Saved entries:
+++
section \<open>Fixed spaces\<close>

lemma subgroup_linear_form_kernel:
  assumes "l > 0"
  shows "subgroup {(x, y). x \<in> Fl l \<and> y \<in> Fl l \<and> [p*x + q*y = 0] (mod l)}
           (integer_mod_group (nat l) \<times>\<times> integer_mod_group (nat l))"
    (is "subgroup ?K ?Z")
proof -
  interpret Z: group ?Z
    by (simp add: DirProd_group)
  have carrier: "carrier (integer_mod_group (nat l)) = Fl l"
    using assms by (simp add: carrier_integer_mod_group Fl_def)
  show ?thesis
  proof (rule Z.subgroupI)
    show "?K \<subseteq> carrier ?Z" "?K \<noteq> {}"
      using assms by (auto simp: carrier Fl_def intro!: exI[of _ 0])
  next
    fix v assume "v \<in> ?K"
    then obtain x y where v: "v = (x, y)" "x \<in> Fl l" "y \<in> Fl l" and "[p*x + q*y = 0] (mod l)"
      by blast
    have "[p*((-x) mod l) + q*((-y) mod l) = p*(-x) + q*(-y)] (mod l)"
      by (intro cong_add cong_scalar_left) simp_all
    also have "p*(-x) + q*(-y) = -(p*x + q*y)"
      by simp
    also have "[-(p*x + q*y) = -0] (mod l)"
      using \<open>[p*x + q*y = 0] (mod l)\<close> by (simp only: cong_minus_minus_iff)
    finally show "inv\<^bsub>?Z\<^esub> v \<in> ?K"
      using v assms by (simp add: carrier Fl_def)
  next
    fix v w assume "v \<in> ?K" "w \<in> ?K"
    then obtain x y u z where v: "v = (x, y)" "w = (u, z)"
      and "[p*x + q*y = 0] (mod l)" "[p*u + q*z = 0] (mod l)"
      by blast
    have "[p*((x + u) mod l) + q*((y + z) mod l) = p*(x + u) + q*(y + z)] (mod l)"
      by (intro cong_add cong_scalar_left) simp_all
    also have "p*(x + u) + q*(y + z) = (p*x + q*y) + (p*u + q*z)"
      by (simp add: algebra_simps)
    also have "[\<dots> = 0 + 0] (mod l)"
      by (intro cong_add) fact+
    finally show "v \<otimes>\<^bsub>?Z\<^esub> w \<in> ?K"
      using v assms by (simp add: Fl_def)
  qed
qed

lemma ker1_eq_Int:
  "ker1 l (a,b,c,d) =
     {(x, y). x \<in> Fl l \<and> y \<in> Fl l \<and> [(a-1)*x + b*y = 0] (mod l)} \<inter>
     {(x, y). x \<in> Fl l \<and> y \<in> Fl l \<and> [c*x + (d-1)*y = 0] (mod l)}"
  by (auto simp: cong_def)

(* ker1 l g is a subgroup of F_l^2, so Lagrange bounds its order; this is what makes the
   THE in the definition of dim1 well defined. *)
lemma card_ker1_dvd:
  assumes "l > 0"
  shows "card (ker1 l g) dvd nat l ^ 2"
proof -
  interpret Z: group "integer_mod_group (nat l) \<times>\<times> integer_mod_group (nat l)"
    by (simp add: DirProd_group)
  obtain a b c d where g: "g = (a,b,c,d)"
    by (cases g)
  have "subgroup (ker1 l g) (integer_mod_group (nat l) \<times>\<times> integer_mod_group (nat l))"
    unfolding g ker1_eq_Int
    by (intro Z.subgroups_Inter_pair subgroup_linear_form_kernel assms)
  then have "card (rcosets\<^bsub>integer_mod_group (nat l) \<times>\<times> integer_mod_group (nat l)\<^esub> ker1 l g)
               * card (ker1 l g) = nat l ^ 2"
    using Z.lagrange assms by (simp add: order_def carrier_integer_mod_group power2_eq_square)
  then show ?thesis
    by (metis dvd_triv_right)
qed

lemma dim1_eqI:
  assumes "l > 1" "card (ker1 l g) = nat l ^ k"
  shows "dim1 l g = k"
  unfolding dim1_def
proof (rule the_equality)
  show "card (ker1 l g) = nat l ^ k"
    by fact
  fix k' assume "card (ker1 l g) = nat l ^ k'"
  then show "k' = k"
    using assms by (simp add: power_inject_exp)
qed

lemma card_ker1_eq_pow_dim1:
  assumes "prime l"
  shows "card (ker1 l g) = nat l ^ dim1 l g" "dim1 l g \<le> 2"
proof -
  have "l > 1"
    using assms prime_gt_1_int by blast
  moreover have "prime (nat l)"
    using assms prime_int_nat_transfer by blast
  then obtain k where "k \<le> 2" "card (ker1 l g) = nat l ^ k"
    using card_ker1_dvd[of l g] \<open>l > 1\<close> divides_primepow_nat by auto
  ultimately show "card (ker1 l g) = nat l ^ dim1 l g" "dim1 l g \<le> 2"
    using dim1_eqI by auto
qed

lemma zero_in_ker1: "l > 0 \<Longrightarrow> (0, 0) \<in> ker1 l g"
  by (cases g) (simp add: Fl_def)

lemma ker1_mone: "ker1 l mone = Fl l \<times> Fl l"
  by (auto simp: mone_def)

lemma dim1_eq_0_iff:
  assumes "prime l"
  shows "dim1 l g = 0 \<longleftrightarrow> ker1 l g = {(0, 0)}"
proof -
  have "l > 1"
    using assms prime_gt_1_int by blast
  have "finite (ker1 l g)"
    by (cases g) (auto simp: Fl_def intro: finite_subset[of _ "{0..<l} \<times> {0..<l}"])
  then have "ker1 l g = {(0, 0)} \<longleftrightarrow> card (ker1 l g) = 1"
    using zero_in_ker1[of l g] \<open>l > 1\<close> by (auto simp: card_1_singleton_iff)
  also have "\<dots> \<longleftrightarrow> dim1 l g = 0"
    using card_ker1_eq_pow_dim1[OF assms, of g] \<open>l > 1\<close> by (simp add: nat_eq_iff)
  finally show ?thesis
    by simp
qed

lemma dim1_eq_2_iff:
  assumes "prime l" "g \<in> GL2 l"
  shows "dim1 l g = 2 \<longleftrightarrow> g = mone"
proof
  have "l > 1"
    using assms prime_gt_1_int by blast
  have card_Fl2: "card (Fl l \<times> Fl l) = nat l ^ 2"
    by (simp add: Fl_def card_cartesian_product power2_eq_square)
  {
    assume "dim1 l g = 2"
    then have "card (ker1 l g) = card (Fl l \<times> Fl l)"
      using card_ker1_eq_pow_dim1(1)[OF assms(1)] card_Fl2 by simp
    moreover have "ker1 l g \<subseteq> Fl l \<times> Fl l"
      by (cases g) auto
    ultimately have "ker1 l g = Fl l \<times> Fl l"
      by (simp add: card_subset_eq Fl_def)
    then have "(1, 0) \<in> ker1 l g" "(0, 1) \<in> ker1 l g"
      using \<open>l > 1\<close> by (auto simp: Fl_def)
    then show "g = mone"
      using assms(2) \<open>l > 1\<close> cong_less_imp_eq_int[of _ l 1]
      by (cases g) (auto simp: GL2_def Fl_def mone_def cong_iff_dvd_diff)
  }
  assume "g = mone"
  then show "dim1 l g = 2"
    using dim1_eqI[OF \<open>l > 1\<close>] card_Fl2 ker1_mone by simp
qed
+++
» **WORK REQUIRED**
Please return the lines above exactly, from the first one down to the line with "proof (rule Z.subgroupI)", and stop after that line.

» **WRITTEN RESPONSE**
section \<open>Fixed spaces\<close>

lemma subgroup_linear_form_kernel:
  assumes "l > 0"
  shows "subgroup {(x, y). x \<in> Fl l \<and> y \<in> Fl l \<and> [p*x + q*y = 0] (mod l)}
           (integer_mod_group (nat l) \<times>\<times> integer_mod_group (nat l))"
    (is "subgroup ?K ?Z")
proof -
  interpret Z: group ?Z
    by (simp add: DirProd_group)
  have carrier: "carrier (integer_mod_group (nat l)) = Fl l"
    using assms by (simp add: carrier_integer_mod_group Fl_def)
  show ?thesis
  proof (rule Z.subgroupI)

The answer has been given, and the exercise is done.